Exercise goal – Your task is to copy every line of the records below that contains "each".

BEGIN Dataset excerpts

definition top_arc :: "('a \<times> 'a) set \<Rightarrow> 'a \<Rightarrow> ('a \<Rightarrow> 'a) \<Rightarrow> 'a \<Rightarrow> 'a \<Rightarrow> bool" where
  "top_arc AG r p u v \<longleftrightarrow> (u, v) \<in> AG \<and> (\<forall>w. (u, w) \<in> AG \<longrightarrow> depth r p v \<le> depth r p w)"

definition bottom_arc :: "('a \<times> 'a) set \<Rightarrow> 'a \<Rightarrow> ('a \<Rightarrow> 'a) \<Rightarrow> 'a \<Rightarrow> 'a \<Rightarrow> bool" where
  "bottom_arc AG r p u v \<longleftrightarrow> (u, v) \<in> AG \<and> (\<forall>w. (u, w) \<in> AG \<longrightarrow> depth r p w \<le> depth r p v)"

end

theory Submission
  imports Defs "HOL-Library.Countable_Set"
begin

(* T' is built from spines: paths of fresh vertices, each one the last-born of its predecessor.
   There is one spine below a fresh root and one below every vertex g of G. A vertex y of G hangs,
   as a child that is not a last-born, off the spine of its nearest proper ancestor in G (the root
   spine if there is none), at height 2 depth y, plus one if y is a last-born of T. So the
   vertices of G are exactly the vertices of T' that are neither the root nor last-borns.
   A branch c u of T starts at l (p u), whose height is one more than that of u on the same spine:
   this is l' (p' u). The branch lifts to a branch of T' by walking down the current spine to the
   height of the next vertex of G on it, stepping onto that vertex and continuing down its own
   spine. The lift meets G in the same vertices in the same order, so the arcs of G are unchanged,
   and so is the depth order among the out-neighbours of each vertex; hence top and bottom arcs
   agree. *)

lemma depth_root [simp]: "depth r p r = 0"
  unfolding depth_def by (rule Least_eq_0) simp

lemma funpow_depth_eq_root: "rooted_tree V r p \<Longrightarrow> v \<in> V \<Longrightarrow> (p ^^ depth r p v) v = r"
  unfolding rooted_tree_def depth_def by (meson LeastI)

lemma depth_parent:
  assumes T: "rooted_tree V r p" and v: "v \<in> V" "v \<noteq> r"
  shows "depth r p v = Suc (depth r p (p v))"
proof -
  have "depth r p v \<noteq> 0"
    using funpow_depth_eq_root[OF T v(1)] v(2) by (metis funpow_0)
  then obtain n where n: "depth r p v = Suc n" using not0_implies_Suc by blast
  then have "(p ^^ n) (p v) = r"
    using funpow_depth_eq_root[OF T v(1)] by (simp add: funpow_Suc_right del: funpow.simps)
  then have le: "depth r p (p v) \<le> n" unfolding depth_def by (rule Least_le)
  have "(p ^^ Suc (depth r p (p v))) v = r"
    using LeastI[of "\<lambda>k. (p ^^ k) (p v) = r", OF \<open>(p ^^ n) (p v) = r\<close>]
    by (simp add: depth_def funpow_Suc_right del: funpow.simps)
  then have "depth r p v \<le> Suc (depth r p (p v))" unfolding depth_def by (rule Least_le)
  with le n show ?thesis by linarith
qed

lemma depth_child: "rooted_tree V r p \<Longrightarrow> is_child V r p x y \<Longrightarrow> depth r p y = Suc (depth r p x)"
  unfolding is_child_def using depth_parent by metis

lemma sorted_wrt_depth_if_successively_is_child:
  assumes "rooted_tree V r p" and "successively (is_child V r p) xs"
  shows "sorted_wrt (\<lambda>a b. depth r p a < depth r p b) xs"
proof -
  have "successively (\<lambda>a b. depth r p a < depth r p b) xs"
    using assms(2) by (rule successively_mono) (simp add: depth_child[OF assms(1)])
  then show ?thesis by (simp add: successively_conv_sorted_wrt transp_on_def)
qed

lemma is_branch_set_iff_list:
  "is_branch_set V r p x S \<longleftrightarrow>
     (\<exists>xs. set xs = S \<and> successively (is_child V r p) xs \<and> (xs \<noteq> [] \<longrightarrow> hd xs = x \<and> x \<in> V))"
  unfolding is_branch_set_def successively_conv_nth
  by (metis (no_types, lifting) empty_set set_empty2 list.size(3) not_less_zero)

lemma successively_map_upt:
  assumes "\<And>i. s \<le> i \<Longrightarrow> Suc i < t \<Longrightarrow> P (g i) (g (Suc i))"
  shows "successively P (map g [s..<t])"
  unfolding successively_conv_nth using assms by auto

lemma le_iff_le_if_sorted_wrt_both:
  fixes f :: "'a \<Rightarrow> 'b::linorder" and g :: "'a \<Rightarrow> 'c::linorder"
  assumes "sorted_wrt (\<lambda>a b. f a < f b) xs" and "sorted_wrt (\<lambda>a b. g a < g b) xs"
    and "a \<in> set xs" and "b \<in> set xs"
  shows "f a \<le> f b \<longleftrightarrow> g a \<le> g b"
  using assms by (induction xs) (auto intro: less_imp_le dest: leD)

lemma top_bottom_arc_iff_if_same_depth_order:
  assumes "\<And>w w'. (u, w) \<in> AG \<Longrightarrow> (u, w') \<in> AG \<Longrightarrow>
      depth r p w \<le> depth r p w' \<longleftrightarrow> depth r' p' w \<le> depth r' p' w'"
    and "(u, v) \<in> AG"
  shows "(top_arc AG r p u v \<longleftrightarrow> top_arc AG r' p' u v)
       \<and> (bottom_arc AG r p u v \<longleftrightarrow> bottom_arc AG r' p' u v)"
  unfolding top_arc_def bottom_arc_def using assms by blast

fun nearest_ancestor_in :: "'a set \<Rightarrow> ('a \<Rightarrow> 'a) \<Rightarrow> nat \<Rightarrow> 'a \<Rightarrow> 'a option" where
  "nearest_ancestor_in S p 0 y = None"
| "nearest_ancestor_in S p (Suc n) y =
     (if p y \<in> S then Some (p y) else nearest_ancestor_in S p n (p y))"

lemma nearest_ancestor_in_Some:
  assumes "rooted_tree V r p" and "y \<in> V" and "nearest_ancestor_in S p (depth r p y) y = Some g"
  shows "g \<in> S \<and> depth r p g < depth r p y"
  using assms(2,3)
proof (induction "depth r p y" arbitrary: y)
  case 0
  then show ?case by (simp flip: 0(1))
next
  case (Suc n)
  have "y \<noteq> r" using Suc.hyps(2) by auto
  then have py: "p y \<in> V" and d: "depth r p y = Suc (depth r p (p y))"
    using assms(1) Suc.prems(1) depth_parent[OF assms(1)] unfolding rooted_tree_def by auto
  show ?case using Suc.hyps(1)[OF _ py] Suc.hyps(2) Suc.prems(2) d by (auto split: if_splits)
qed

END Dataset excerpts

Final answer –
(* T' is built from spines: paths of fresh vertices, each one the last-born of its predecessor.
   and so is the depth order among the out-neighbours of each vertex; hence top and bottom arcs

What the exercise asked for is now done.